— PROBLEM STATEMENT —
Only one stretch of the records below is wanted: the lines from the one holding "text \<open>Expanding each" through the one holding "that by blast". Return it exactly, both ends included.

— TASK MATERIAL —
--
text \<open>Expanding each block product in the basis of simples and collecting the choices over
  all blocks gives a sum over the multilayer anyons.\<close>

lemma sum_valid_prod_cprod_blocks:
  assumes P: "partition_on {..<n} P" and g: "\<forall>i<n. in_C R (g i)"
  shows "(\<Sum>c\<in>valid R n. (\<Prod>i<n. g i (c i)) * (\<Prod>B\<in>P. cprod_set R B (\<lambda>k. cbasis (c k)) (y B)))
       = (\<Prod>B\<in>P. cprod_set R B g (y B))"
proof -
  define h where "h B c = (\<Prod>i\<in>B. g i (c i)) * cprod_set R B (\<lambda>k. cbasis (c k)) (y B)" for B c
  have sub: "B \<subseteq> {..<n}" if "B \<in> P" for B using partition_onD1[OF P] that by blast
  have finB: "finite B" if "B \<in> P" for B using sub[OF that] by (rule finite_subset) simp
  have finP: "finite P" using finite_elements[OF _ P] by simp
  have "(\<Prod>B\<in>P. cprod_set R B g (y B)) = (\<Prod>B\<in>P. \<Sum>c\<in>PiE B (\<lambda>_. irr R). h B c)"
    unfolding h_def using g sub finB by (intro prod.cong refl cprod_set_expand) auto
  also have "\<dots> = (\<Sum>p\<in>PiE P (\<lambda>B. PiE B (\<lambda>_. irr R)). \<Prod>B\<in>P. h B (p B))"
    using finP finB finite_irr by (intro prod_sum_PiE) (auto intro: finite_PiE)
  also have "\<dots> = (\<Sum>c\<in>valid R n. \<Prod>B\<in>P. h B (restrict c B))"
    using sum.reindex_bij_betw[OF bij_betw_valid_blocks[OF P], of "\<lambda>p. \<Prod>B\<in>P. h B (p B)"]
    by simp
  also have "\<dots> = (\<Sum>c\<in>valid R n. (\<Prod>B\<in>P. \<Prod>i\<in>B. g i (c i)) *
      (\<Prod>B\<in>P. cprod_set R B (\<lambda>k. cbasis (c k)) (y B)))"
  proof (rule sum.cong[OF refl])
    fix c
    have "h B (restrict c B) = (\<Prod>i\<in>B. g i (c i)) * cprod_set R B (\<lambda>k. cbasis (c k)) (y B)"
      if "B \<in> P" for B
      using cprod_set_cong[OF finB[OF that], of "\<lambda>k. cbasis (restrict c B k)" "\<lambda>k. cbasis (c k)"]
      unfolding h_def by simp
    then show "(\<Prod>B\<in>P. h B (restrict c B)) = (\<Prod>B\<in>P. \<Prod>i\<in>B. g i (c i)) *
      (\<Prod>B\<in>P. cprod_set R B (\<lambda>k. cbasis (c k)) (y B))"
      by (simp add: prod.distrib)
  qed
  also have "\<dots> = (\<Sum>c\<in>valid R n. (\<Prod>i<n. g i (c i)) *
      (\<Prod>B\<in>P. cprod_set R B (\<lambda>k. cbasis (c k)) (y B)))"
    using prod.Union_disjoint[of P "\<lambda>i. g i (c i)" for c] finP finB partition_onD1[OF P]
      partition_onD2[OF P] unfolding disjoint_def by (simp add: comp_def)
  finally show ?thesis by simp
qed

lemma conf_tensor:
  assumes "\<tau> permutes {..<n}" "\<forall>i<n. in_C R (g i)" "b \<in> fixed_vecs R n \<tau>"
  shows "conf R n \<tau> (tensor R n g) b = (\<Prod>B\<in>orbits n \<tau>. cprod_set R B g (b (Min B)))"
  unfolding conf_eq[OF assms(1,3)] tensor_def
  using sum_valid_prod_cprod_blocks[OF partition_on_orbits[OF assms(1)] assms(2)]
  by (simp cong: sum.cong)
--
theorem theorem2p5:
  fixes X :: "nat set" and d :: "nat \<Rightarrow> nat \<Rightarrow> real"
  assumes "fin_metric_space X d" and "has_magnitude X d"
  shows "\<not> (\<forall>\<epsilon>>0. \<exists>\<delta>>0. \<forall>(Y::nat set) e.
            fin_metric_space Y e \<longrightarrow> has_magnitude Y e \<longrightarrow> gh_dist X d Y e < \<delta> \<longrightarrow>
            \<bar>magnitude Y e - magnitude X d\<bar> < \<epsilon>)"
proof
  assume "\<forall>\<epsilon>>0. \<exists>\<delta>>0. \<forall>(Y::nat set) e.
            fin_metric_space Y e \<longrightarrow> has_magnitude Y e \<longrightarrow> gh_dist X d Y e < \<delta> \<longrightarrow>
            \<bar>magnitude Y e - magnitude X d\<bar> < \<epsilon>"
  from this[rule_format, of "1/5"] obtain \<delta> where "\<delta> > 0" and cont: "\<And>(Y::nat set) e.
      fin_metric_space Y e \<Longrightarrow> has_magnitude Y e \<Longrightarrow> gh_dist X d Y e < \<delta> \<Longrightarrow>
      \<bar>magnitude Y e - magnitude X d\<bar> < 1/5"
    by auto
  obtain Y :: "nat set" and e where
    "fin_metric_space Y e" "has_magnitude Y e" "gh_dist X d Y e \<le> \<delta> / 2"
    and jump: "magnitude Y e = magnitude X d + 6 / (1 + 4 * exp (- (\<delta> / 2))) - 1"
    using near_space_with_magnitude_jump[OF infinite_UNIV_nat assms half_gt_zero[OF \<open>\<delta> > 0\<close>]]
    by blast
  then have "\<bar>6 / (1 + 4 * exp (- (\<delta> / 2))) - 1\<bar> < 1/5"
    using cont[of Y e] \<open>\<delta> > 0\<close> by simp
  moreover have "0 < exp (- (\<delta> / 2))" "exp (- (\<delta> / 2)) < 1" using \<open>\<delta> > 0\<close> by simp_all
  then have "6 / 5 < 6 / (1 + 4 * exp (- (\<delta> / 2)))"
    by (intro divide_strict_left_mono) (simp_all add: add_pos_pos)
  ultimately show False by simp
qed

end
--
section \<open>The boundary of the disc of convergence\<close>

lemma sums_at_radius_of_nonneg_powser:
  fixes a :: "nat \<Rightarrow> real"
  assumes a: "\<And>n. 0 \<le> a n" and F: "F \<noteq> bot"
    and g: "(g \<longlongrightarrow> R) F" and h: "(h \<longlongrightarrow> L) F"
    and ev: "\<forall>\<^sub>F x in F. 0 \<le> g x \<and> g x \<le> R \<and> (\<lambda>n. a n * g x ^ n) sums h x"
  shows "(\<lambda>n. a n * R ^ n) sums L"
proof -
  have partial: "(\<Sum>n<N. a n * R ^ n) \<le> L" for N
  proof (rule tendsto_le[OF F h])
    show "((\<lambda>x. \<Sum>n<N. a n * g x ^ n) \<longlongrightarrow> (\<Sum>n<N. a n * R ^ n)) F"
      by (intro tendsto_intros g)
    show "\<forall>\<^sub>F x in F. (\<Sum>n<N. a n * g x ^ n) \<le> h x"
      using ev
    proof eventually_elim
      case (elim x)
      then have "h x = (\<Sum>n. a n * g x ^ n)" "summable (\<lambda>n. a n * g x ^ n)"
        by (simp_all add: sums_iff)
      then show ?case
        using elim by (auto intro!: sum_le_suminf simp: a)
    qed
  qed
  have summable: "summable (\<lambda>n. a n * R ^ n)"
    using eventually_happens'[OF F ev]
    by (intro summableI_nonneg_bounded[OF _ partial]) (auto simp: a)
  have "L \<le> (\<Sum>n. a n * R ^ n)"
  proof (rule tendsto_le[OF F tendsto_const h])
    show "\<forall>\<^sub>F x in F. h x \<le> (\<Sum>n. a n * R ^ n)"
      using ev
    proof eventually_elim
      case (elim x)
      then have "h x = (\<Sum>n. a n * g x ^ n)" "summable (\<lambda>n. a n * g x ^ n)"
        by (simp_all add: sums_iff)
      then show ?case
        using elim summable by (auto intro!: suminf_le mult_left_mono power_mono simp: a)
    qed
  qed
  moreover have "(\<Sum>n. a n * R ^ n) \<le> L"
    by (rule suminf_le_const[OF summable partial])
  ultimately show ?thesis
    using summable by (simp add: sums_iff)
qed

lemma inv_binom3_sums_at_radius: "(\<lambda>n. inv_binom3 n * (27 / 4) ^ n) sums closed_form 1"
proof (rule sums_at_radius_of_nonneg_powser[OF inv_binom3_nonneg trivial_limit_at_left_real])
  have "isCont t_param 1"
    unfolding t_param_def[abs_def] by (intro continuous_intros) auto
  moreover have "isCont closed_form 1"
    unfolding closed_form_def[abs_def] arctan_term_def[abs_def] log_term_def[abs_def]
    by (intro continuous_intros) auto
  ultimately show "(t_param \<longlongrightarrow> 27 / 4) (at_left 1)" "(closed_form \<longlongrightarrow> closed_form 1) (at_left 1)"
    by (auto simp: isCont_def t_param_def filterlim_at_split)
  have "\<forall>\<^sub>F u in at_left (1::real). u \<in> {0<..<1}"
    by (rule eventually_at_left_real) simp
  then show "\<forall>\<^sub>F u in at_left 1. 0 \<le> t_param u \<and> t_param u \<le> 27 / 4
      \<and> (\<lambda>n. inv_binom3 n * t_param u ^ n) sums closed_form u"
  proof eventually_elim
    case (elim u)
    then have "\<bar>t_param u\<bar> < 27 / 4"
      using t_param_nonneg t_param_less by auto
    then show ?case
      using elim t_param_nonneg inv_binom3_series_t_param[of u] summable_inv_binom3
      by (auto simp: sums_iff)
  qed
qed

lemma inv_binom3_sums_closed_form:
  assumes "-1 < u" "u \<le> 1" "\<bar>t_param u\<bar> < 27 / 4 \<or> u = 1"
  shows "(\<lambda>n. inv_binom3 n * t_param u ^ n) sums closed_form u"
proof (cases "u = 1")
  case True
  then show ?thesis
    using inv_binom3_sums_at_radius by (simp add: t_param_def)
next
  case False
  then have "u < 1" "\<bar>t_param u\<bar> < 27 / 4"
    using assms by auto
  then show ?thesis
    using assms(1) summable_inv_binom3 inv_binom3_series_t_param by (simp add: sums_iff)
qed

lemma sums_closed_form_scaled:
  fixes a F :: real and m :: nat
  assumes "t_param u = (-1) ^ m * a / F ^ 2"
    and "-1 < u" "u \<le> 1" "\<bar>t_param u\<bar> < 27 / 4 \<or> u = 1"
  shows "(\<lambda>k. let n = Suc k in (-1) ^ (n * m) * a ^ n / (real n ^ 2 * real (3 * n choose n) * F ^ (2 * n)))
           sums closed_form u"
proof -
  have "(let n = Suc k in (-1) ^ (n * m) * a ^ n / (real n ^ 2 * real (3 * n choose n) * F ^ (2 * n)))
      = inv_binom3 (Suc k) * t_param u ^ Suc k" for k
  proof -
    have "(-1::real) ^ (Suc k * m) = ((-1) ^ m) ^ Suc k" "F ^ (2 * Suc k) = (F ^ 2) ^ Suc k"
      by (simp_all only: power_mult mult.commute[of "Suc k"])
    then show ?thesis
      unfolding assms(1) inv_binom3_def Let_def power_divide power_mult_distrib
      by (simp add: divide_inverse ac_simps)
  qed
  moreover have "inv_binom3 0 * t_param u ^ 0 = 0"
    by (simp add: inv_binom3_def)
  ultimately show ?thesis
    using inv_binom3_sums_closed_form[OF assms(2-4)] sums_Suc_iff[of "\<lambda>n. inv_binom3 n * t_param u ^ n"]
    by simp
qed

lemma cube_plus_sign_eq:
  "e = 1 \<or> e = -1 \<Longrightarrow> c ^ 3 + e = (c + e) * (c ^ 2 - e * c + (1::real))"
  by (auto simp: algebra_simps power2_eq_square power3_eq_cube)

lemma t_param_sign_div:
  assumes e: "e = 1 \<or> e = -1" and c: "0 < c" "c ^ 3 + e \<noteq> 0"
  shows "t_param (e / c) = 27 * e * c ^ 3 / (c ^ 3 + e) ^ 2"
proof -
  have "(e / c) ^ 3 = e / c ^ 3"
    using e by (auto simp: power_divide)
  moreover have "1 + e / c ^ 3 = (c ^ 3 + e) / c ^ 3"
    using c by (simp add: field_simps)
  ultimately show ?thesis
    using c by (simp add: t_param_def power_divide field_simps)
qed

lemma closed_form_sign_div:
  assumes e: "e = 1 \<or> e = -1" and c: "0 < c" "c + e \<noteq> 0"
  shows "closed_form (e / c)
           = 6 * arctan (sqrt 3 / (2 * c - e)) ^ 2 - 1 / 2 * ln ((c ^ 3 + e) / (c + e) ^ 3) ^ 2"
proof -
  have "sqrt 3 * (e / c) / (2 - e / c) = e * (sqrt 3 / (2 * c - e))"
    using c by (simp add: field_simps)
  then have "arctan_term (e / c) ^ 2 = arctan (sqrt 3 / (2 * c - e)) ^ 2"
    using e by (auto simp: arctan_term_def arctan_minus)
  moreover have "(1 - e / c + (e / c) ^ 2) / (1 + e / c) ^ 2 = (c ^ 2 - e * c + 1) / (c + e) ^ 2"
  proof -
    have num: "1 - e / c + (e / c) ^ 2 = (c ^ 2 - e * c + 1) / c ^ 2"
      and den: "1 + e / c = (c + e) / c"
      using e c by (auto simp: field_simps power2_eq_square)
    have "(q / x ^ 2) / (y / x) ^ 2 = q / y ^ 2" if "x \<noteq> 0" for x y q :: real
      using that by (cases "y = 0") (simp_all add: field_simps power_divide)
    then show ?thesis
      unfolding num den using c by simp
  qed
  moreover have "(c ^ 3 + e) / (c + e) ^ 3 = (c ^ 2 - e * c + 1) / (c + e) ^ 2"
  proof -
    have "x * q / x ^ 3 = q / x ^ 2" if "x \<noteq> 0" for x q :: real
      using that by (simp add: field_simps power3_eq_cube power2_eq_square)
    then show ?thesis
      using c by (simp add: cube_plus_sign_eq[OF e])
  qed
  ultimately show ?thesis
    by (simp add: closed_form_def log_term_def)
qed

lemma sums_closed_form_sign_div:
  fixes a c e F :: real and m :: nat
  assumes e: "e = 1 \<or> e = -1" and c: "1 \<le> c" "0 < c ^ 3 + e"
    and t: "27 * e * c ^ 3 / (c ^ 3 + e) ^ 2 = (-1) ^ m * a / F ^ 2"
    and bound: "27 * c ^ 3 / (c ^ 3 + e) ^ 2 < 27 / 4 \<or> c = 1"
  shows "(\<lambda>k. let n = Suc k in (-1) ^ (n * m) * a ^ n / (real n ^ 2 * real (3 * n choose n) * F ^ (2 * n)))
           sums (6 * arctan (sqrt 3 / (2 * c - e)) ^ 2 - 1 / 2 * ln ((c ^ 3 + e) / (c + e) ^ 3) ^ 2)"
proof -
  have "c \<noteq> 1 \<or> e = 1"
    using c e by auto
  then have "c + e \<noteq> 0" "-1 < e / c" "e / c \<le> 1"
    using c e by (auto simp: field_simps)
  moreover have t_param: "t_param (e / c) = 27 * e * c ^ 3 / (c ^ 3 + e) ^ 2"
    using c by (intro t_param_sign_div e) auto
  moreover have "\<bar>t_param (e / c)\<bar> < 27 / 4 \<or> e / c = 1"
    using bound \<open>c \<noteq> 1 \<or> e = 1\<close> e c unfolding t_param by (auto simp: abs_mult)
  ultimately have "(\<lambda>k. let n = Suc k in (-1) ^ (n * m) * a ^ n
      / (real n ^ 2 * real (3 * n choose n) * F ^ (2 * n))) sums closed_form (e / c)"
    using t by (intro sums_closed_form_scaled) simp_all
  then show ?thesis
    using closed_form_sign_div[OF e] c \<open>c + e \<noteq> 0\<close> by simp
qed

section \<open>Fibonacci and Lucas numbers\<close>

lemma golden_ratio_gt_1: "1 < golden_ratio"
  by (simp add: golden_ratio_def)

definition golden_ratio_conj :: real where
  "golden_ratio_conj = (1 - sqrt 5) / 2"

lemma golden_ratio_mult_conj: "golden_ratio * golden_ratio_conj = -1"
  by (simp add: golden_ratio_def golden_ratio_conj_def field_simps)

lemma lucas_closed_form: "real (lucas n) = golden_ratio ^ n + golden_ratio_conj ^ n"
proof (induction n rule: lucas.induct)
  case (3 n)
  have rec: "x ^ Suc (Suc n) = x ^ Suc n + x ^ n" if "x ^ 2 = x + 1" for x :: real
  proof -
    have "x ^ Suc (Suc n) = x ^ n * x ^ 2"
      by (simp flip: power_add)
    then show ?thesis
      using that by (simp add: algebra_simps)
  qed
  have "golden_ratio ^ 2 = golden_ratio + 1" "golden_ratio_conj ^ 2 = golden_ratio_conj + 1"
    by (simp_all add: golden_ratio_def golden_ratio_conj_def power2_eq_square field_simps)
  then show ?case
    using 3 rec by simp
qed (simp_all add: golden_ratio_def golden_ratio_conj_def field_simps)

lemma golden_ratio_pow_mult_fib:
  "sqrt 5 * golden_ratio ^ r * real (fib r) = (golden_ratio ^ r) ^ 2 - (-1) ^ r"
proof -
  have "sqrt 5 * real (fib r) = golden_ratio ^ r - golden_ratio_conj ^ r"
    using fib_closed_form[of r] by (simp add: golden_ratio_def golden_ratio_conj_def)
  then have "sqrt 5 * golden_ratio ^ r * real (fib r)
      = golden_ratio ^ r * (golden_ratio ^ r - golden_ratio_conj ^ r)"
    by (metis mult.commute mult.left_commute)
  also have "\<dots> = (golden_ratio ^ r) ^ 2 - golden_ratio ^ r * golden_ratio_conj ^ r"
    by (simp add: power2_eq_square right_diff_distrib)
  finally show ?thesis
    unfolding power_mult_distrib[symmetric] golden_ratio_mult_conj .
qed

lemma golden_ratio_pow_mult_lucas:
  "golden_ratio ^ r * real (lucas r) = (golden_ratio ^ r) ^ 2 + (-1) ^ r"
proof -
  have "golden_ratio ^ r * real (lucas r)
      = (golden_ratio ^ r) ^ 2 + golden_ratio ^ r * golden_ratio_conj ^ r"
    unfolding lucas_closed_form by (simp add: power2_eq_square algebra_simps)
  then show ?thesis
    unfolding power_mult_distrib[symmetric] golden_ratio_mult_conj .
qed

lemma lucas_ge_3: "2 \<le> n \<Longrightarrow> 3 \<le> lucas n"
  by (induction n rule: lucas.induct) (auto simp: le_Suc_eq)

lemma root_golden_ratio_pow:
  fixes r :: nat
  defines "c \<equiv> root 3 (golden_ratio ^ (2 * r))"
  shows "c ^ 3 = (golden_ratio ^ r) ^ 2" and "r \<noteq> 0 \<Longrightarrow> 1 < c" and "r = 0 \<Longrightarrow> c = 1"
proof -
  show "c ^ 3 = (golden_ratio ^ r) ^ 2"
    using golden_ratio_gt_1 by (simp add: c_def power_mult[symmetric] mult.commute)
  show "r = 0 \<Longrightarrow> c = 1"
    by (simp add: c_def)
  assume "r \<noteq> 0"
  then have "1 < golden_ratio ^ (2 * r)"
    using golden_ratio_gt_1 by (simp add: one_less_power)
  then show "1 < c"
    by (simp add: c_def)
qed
--
— ANSWER TO THIS EXERCISE —
text \<open>Expanding each block product in the basis of simples and collecting the choices over
  all blocks gives a sum over the multilayer anyons.\<close>

lemma sum_valid_prod_cprod_blocks:
  assumes P: "partition_on {..<n} P" and g: "\<forall>i<n. in_C R (g i)"
  shows "(\<Sum>c\<in>valid R n. (\<Prod>i<n. g i (c i)) * (\<Prod>B\<in>P. cprod_set R B (\<lambda>k. cbasis (c k)) (y B)))
       = (\<Prod>B\<in>P. cprod_set R B g (y B))"
proof -
  define h where "h B c = (\<Prod>i\<in>B. g i (c i)) * cprod_set R B (\<lambda>k. cbasis (c k)) (y B)" for B c
  have sub: "B \<subseteq> {..<n}" if "B \<in> P" for B using partition_onD1[OF P] that by blast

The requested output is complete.